---------- Input
lemma hs_inner_rank_one:
  assumes "i \<in> hs_basis" "j \<in> hs_basis"
  shows "hs_inner (rank_one i j) \<xi> = cinner i (\<xi> j)"
proof -
  have "hs_inner (rank_one i j) \<xi> = (\<Sum>\<^sub>\<infinity>e\<in>{j}. cinner (rank_one i j e) (\<xi> e))"
    unfolding hs_inner_def hs_basis_def[symmetric]
    using assms onb_cinner[OF orthonormal_basis_hs_basis assms(2)]
    by (intro infsum_cong_neutral) (auto simp: rank_one_def cinner_scaleC_left)
  also have "\<dots> = cinner i (\<xi> j)"
    using onb_cinner[OF orthonormal_basis_hs_basis assms(2) assms(2)]
    by (simp add: rank_one_def cinner_scaleC_left)
  finally show ?thesis .
qed

context
  assumes separable: "separable_space TYPE('h::chilbert_space)"
begin

lemma countable_hs_basis: "countable (hs_basis :: 'h set)"
  by (rule orthonormal_basis_countable[OF separable orthonormal_basis_hs_basis])

lemma S2_iff: "(\<eta> :: 'h \<Rightarrow> 'h) \<in> S2 \<longleftrightarrow> bounded_clinear_op \<eta> \<and> l2_summable_on hs_basis \<eta>"
proof
  assume "\<eta> \<in> S2"
  then obtain E :: "'h set" where op: "bounded_clinear_op \<eta>" and E: "orthonormal_basis E"
    and "l2_summable_on E \<eta>"
    unfolding S2_def hilbert_schmidt_def l2_summable_on_def by blast
  then show "bounded_clinear_op \<eta> \<and> l2_summable_on hs_basis \<eta>"
    using l2_summable_on_onb_change[OF orthonormal_basis_hs_basis countable_hs_basis E
        orthonormal_basis_countable[OF separable E]]
    by blast
next
  assume "bounded_clinear_op \<eta> \<and> l2_summable_on hs_basis \<eta>"
  then show "\<eta> \<in> S2"
    unfolding S2_def hilbert_schmidt_def l2_summable_on_def using orthonormal_basis_hs_basis by blast
qed

lemma hs_norm_S2: "(\<eta> :: 'h \<Rightarrow> 'h) \<in> S2 \<Longrightarrow> hs_norm \<eta> = l2_norm_on hs_basis \<eta>"
  using S2_iff hs_norm_eq_l2_norm_on by blast

lemma S2_0: "(\<lambda>x::'h. 0) \<in> S2"
  unfolding S2_iff using bounded_clinear_op_0 l2_summable_on_0 by blast

lemma S2_add: "(\<zeta> :: 'h \<Rightarrow> 'h) \<in> S2 \<Longrightarrow> \<xi> \<in> S2 \<Longrightarrow> (\<lambda>x. \<zeta> x + \<xi> x) \<in> S2"
  unfolding S2_iff using bounded_clinear_op_plus l2_summable_on_add(1) by blast

lemma S2_scaleC: "(\<zeta> :: 'h \<Rightarrow> 'h) \<in> S2 \<Longrightarrow> (\<lambda>x. scaleC c (\<zeta> x)) \<in> S2"
  unfolding S2_iff using bounded_clinear_op_scaleC_left l2_summable_on_scaleC(1) by blast

lemma S2_diff:
  assumes "(\<zeta> :: 'h \<Rightarrow> 'h) \<in> S2" "\<xi> \<in> S2"
  shows "(\<lambda>x. \<zeta> x - \<xi> x) \<in> S2"
proof -
  have "(\<lambda>x. \<zeta> x + scaleC (- 1) (\<xi> x)) \<in> S2"
    using assms by (intro S2_add S2_scaleC)
  moreover have "scaleC (- 1) y = - y" for y :: 'h
    by (metis scaleC_minus_left scaleC_one)
  ultimately show ?thesis
    by simp
qed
--------------------
**What is needed**:
Pick every line from the listing holding the string "Rightarrow", and copy it.

**Result below**:
lemma S2_iff: "(\<eta> :: 'h \<Rightarrow> 'h) \<in> S2 \<longleftrightarrow> bounded_clinear_op \<eta> \<and> l2_summable_on hs_basis \<eta>"
lemma hs_norm_S2: "(\<eta> :: 'h \<Rightarrow> 'h) \<in> S2 \<Longrightarrow> hs_norm \<eta> = l2_norm_on hs_basis \<eta>"
lemma S2_add: "(\<zeta> :: 'h \<Rightarrow> 'h) \<in> S2 \<Longrightarrow> \<xi> \<in> S2 \<Longrightarrow> (\<lambda>x. \<zeta> x + \<xi> x) \<in> S2"
lemma S2_scaleC: "(\<zeta> :: 'h \<Rightarrow> 'h) \<in> S2 \<Longrightarrow> (\<lambda>x. scaleC c (\<zeta> x)) \<in> S2"
  assumes "(\<zeta> :: 'h \<Rightarrow> 'h) \<in> S2" "\<xi> \<in> S2"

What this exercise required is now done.